Please repeat exactly the lines below from the one containing "(\<lambda>z. ennreal (normal_density" down to the one containing "(\<forall>e>0. (\<lambda>n. measure", both included, and nothing else.

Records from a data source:

BEGIN

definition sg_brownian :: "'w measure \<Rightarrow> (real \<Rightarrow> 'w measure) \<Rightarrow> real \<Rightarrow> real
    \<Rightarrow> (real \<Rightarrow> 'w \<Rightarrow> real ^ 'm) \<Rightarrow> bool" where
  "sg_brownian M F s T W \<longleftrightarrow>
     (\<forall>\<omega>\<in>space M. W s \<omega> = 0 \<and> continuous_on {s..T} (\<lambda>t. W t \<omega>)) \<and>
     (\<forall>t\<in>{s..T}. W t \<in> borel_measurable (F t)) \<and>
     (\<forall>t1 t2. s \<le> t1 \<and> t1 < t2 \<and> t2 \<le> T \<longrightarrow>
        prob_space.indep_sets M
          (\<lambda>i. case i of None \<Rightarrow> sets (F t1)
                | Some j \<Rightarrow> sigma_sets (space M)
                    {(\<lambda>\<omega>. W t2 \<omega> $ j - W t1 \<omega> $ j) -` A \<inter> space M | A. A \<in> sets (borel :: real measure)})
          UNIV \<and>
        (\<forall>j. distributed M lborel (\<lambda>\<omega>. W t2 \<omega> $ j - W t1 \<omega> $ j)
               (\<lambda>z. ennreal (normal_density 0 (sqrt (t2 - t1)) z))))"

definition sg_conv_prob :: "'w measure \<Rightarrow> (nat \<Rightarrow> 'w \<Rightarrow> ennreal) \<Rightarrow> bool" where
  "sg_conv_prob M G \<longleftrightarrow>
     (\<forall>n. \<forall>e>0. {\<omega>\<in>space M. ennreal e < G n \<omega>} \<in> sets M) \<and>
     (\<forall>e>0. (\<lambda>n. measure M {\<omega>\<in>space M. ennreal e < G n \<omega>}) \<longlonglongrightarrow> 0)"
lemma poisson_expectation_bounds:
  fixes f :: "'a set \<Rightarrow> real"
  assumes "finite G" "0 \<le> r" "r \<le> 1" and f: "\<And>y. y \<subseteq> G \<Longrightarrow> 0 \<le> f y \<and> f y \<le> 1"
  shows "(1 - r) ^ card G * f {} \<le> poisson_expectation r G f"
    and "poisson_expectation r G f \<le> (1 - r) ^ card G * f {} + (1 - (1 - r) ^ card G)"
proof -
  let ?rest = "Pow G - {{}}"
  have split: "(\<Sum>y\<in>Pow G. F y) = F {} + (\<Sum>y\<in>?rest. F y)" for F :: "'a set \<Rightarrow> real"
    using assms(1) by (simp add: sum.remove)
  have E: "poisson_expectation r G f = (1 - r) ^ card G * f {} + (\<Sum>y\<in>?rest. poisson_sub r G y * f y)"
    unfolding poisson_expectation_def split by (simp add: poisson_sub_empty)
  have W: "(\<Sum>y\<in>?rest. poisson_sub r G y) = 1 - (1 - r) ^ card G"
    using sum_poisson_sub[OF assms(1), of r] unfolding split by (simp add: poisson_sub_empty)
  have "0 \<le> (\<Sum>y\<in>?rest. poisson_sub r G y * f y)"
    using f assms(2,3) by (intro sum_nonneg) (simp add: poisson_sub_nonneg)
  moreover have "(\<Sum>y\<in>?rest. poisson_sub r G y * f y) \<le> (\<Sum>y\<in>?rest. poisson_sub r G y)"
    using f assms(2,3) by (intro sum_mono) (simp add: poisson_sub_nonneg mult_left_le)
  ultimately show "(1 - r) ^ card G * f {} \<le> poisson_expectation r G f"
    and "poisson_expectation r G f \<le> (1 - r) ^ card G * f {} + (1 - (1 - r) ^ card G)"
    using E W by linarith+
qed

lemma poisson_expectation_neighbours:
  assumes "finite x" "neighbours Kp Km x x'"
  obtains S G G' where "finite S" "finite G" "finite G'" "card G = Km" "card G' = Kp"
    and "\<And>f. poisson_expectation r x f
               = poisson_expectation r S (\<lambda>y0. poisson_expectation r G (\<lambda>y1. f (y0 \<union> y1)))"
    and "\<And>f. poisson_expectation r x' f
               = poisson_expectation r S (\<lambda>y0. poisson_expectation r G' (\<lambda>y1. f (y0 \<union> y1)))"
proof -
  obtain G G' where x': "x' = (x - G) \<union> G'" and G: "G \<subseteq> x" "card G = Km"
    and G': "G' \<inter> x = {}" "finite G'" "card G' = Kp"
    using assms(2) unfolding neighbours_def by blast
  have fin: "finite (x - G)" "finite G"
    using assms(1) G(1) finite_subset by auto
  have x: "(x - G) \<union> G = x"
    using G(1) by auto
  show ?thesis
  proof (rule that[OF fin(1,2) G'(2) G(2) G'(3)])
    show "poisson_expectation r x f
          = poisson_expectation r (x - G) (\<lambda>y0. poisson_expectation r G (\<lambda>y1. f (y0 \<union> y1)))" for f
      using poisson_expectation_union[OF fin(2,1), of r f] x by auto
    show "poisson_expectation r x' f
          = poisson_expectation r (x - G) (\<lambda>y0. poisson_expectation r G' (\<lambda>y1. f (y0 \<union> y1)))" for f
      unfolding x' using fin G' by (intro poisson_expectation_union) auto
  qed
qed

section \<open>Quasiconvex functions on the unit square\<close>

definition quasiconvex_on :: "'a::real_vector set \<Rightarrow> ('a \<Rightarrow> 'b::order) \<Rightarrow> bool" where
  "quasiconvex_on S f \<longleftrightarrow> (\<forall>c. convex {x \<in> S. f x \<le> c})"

END

• [SOLUTION TO THE EXERCISE]
               (\<lambda>z. ennreal (normal_density 0 (sqrt (t2 - t1)) z))))"

definition sg_conv_prob :: "'w measure \<Rightarrow> (nat \<Rightarrow> 'w \<Rightarrow> ennreal) \<Rightarrow> bool" where
  "sg_conv_prob M G \<longleftrightarrow>
     (\<forall>n. \<forall>e>0. {\<omega>\<in>space M. ennreal e < G n \<omega>} \<in> sets M) \<and>
     (\<forall>e>0. (\<lambda>n. measure M {\<omega>\<in>space M. ennreal e < G n \<omega>}) \<longlonglongrightarrow> 0)"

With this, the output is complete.